In the data below, one line contains "in h' @ [y + reach" and a later one contains "(\<exists>reach. strategy_in U". Print both, with every line between them, exactly and alone.

MATERIAL FOR THIS TASK
******************************

(* The series of x/(1+x); substituting x = 1/n turns it into 1/(n+1). *)
definition recip_succ_fps :: "real fps" where
  "recip_succ_fps = fps_X * fps_binomial (-1)"

lemma recip_succ_fps_nth_0: "recip_succ_fps $ 0 = 0"
  by (simp add: recip_succ_fps_def)

lemma recip_succ_fps_power: "recip_succ_fps ^ q = fps_X ^ q * fps_binomial (- of_nat q)"
  by (simp add: recip_succ_fps_def power_mult_distrib fps_binomial_power)

lemma fps_deriv_recip_succ_fps: "fps_deriv recip_succ_fps = fps_binomial (-2)"
proof -
  have "(1 + fps_X) * fps_binomial (-1) = (1 :: real fps)"
    using one_plus_fps_X_power_mult_fps_binomial[of 1] by simp
  then have "recip_succ_fps = 1 - fps_binomial (-1)"
    unfolding recip_succ_fps_def by (simp add: algebra_simps)
  then have "fps_deriv recip_succ_fps = fps_deriv (1 - fps_binomial (-1))"
    by (rule arg_cong)
  also have "\<dots> = - fps_deriv (fps_binomial (-1))"
    by simp
  also have "\<dots> = - (fps_const (-1) * fps_binomial (-1) / (1 + fps_X))"
    by (simp only: fps_binomial_deriv)
  also have "\<dots> = fps_binomial (-1) * fps_binomial (-1)"
    by (simp add: fps_divide_unit fps_binomial_minus_one fps_const_neg[symmetric] del: fps_const_neg)
  also have "\<dots> = fps_binomial (-2)"
    by (simp flip: fps_binomial_add_mult)
  finally show ?thesis .
qed

lemma fps_compose_nth_eq_partial_sum:
  fixes a b :: "'a::comm_ring_1 fps"
  assumes "b $ 0 = 0" and "i \<le> m"
  shows "(a oo b) $ i = (\<Sum>q\<le>m. fps_const (a $ q) * b ^ q) $ i"
proof -
  have "(a oo b) $ i = (\<Sum>q = 0..i. a $ q * (b ^ q $ i))"
    by (rule fps_compose_nth)
  also have "\<dots> = (\<Sum>q\<le>m. a $ q * (b ^ q $ i))"
    using assms startsby_zero_power_prefix[OF assms(1)]
    by (intro sum.mono_neutral_left) auto
  finally show ?thesis by (simp add: fps_sum_nth)
qed

lemma fps_mult_nth_cong:
  assumes "\<And>i. i \<le> m \<Longrightarrow> f $ i = g $ i"
  shows "(f * h) $ m = (g * h) $ m"
  unfolding fps_mult_nth using assms by (intro sum.cong) auto

lemma fps_compose_mult_nth:
  fixes a b h :: "'a::comm_ring_1 fps"
  assumes "b $ 0 = 0"
  shows "((a oo b) * h) $ m = (\<Sum>q\<le>m. a $ q * (b ^ q * h) $ m)"
proof -
  have "((a oo b) * h) $ m = ((\<Sum>q\<le>m. fps_const (a $ q) * b ^ q) * h) $ m"
    by (rule fps_mult_nth_cong) (rule fps_compose_nth_eq_partial_sum[OF assms])
  then show ?thesis
    by (simp add: sum_distrib_right fps_sum_nth mult.assoc)
qed

section \<open>The functional equation T(x) T(x/(1+x)) = 1 + x\<close>

definition cc_fps :: "real fps" where
  "cc_fps = Abs_fps cc"
(* Let $(U,V)$ be a one-dimensional robot game. (1) If $\max(V)\ge -\min(U)$, then every positive counter value is losing. Similarly, if $\min(V)\le -\max(U)$, then every negative counter value is losing. (2) If $\max(U)>-\min(V)$ and there exists a bound $B\in\mathbb{Z}$ such that every counter value greater than $B$ is winning, then every counter value is winning. Similarly, if $\min(U)<-\max(V)$ and there exists a bound $B$ such that every counter value less than $B$ is winning, then every counter value is winning.
   Context: A robot game in dimension one is a pair $(U,V)$ of finite nonempty subsets of $\mathbb{Z}$; $U$ belongs to the reacher and $V$ to the opponent. From an initial counter value $x_0\in\mathbb{Z}$, a play proceeds in rounds: in a round starting at counter value $x$, the opponent chooses $v\in V$ and the counter becomes $x+v$, then the reacher chooses $u\in U$ and the counter becomes $x+v+u$, where the round ends. The reacher wins the play if some round ends at $0$; by convention the reacher wins immediately if the play starts at $0$. Strategies are functions from play prefixes to moves. A counter value $x$ is winning if the reacher has a strategy such that against every opponent strategy the play from $x$ is won by the reacher; it is losing if the opponent has a strategy such that against every reacher strategy the play from $x$ is not won by the reacher. "Positive" and "negative" mean strictly positive and strictly negative. *)

theory Defs
  imports Main
begin

text \<open>A play prefix is the list of counter values visited so far (starting with the
initial value, then alternating: after the opponent's move, after the reacher's move).\<close>

fun hist :: "(int list \<Rightarrow> int) \<Rightarrow> (int list \<Rightarrow> int) \<Rightarrow> int \<Rightarrow> nat \<Rightarrow> int list" where
  "hist opp reach x0 0 = [x0]"
| "hist opp reach x0 (Suc n) =
     (let h = hist opp reach x0 n;
          y = last h + opp h;
          h' = h @ [y]
      in h' @ [y + reach h'])"

definition reacher_wins :: "(int list \<Rightarrow> int) \<Rightarrow> (int list \<Rightarrow> int) \<Rightarrow> int \<Rightarrow> bool" where
  "reacher_wins opp reach x0 \<longleftrightarrow> (\<exists>n. last (hist opp reach x0 n) = 0)"

definition strategy_in :: "int set \<Rightarrow> (int list \<Rightarrow> int) \<Rightarrow> bool" where
  "strategy_in M s \<longleftrightarrow> (\<forall>h. s h \<in> M)"

definition winning :: "int set \<Rightarrow> int set \<Rightarrow> int \<Rightarrow> bool" where
  "winning U V x \<longleftrightarrow>
     (\<exists>reach. strategy_in U reach \<and>
        (\<forall>opp. strategy_in V opp \<longrightarrow> reacher_wins opp reach x))"

definition losing :: "int set \<Rightarrow> int set \<Rightarrow> int \<Rightarrow> bool" where
  "losing U V x \<longleftrightarrow>
     (\<exists>opp. strategy_in V opp \<and>
        (\<forall>reach. strategy_in U reach \<longrightarrow> \<not> reacher_wins opp reach x))"

end

theory Submission
  imports Defs
begin

text \<open>If the opponent can always play some v with v + u \<ge> 0 for every u \<in> U, the counter never
decreases, so from a positive value it never reaches 0. Conversely, if the reacher has a move u
with v + u \<ge> 1 for every v \<in> V, repeating u pushes the counter above any bound B; once it
exceeds B the reacher switches to a winning strategy for the current value, and the rest of the
play is a play from that value against the opponent with the past prepended. The statements for
negative values follow by negating all moves and counter values.\<close>

abbreviation counter :: "(int list \<Rightarrow> int) \<Rightarrow> (int list \<Rightarrow> int) \<Rightarrow> int \<Rightarrow> nat \<Rightarrow> int" where
  "counter opp reach x n \<equiv> last (hist opp reach x n)"
lemma slot_gt_iff:
  assumes "b \<in> all_slots" "b' \<in> all_slots"
  shows "slot_gt K pr b b' \<longleftrightarrow> slot_key pr b < slot_key pr b'"
proof -
  obtain a i a' j where b: "b = (a,i)" "b' = (a',j)" by (cases b, cases b')
  have e: "rnk K (Inr a) = rnk K (Inr a') \<longleftrightarrow> a = a'"
    using rnk_Inr_inj assms b mem_all_slots_iff by fastforce
  have k: "slot_key pr b < slot_key pr b' \<longleftrightarrow> rv pr a > rv pr a' \<or> rv pr a = rv pr a' \<and>
     (rnk K (Inr a) < rnk K (Inr a') \<or> rnk K (Inr a) = rnk K (Inr a') \<and> i < j)"
    unfolding b slot_key_def by auto
  have "slot_gt K pr b b' \<longleftrightarrow> rv pr a > rv pr a' \<or> rv pr a = rv pr a' \<and>
     (rnk K (Inr a) < rnk K (Inr a') \<or> rnk K (Inr a) = rnk K (Inr a') \<and> i < j)"
    unfolding b slot_gt.simps using e by (cases "a = a'") auto
  then show ?thesis using k by simp
qed

lemma mem_xall_iff:
  "x \<in> xall K pr \<longleftrightarrow> (\<exists>b. x = RS b \<and> b \<in> all_slots) \<or> (\<exists>j. x = DS j \<and> j < nitems K pr)"
  unfolding xall_def by auto

lemma vgt_iff:
  assumes "x \<in> xall K pr" "y \<in> xall K pr"
  shows "vgt K pr x y \<longleftrightarrow> unit_key pr x < unit_key pr y"
proof -
  have e: "rnk K (Inr (fst b)) = rnk K (Inr (fst b')) \<longleftrightarrow> fst b = fst b'" if "b \<in> all_slots"
    "b' \<in> all_slots" for b b'
    using rnk_Inr_inj[of "fst b" "fst b'"] that mem_all_slots_iff by auto
  show ?thesis
  proof (cases x)
    case (RS b)
    then obtain a i where b: "x = RS (a,i)" by (cases b) auto
    show ?thesis
    proof (cases y)
      case (RS b')
      then obtain a' j where b': "y = RS (a',j)" by (cases b') auto
      have "(a,i) \<in> all_slots" "(a',j) \<in> all_slots" using assms b b' mem_xall_iff by auto
      then have "rnk K (Inr a) = rnk K (Inr a') \<longleftrightarrow> a = a'"
        using e[of "(a,i)" "(a',j)"] by auto
      then show ?thesis unfolding b b' vgt_def unit_key_def by (cases "a = a'") auto
    next
      case (DS j)
      then show ?thesis unfolding b vgt_def unit_key_def by auto
    qed
  next
    case (DS i)
    show ?thesis
    proof (cases y)
      case (RS b')
      then obtain a' j where b': "y = RS (a',j)" by (cases b') auto
      then show ?thesis unfolding DS b' vgt_def unit_key_def by auto
    next
      case (DS j)
      then show ?thesis unfolding \<open>x = DS i\<close> vgt_def unit_key_def by auto
    qed
  qed
qed

lemma reported_subset_users: "valid_prof K pr \<Longrightarrow> rP pr \<subseteq> Us K"
  unfolding valid_prof_def by auto
lemma finite_reported: "valid_prof K pr \<Longrightarrow> finite (rP pr)"
  using reported_subset_users finite_users finite_subset by blast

******************************

SOLVED PROBLEM
      in h' @ [y + reach h'])"

definition reacher_wins :: "(int list \<Rightarrow> int) \<Rightarrow> (int list \<Rightarrow> int) \<Rightarrow> int \<Rightarrow> bool" where
  "reacher_wins opp reach x0 \<longleftrightarrow> (\<exists>n. last (hist opp reach x0 n) = 0)"

definition strategy_in :: "int set \<Rightarrow> (int list \<Rightarrow> int) \<Rightarrow> bool" where
  "strategy_in M s \<longleftrightarrow> (\<forall>h. s h \<in> M)"

definition winning :: "int set \<Rightarrow> int set \<Rightarrow> int \<Rightarrow> bool" where
  "winning U V x \<longleftrightarrow>
     (\<exists>reach. strategy_in U reach \<and>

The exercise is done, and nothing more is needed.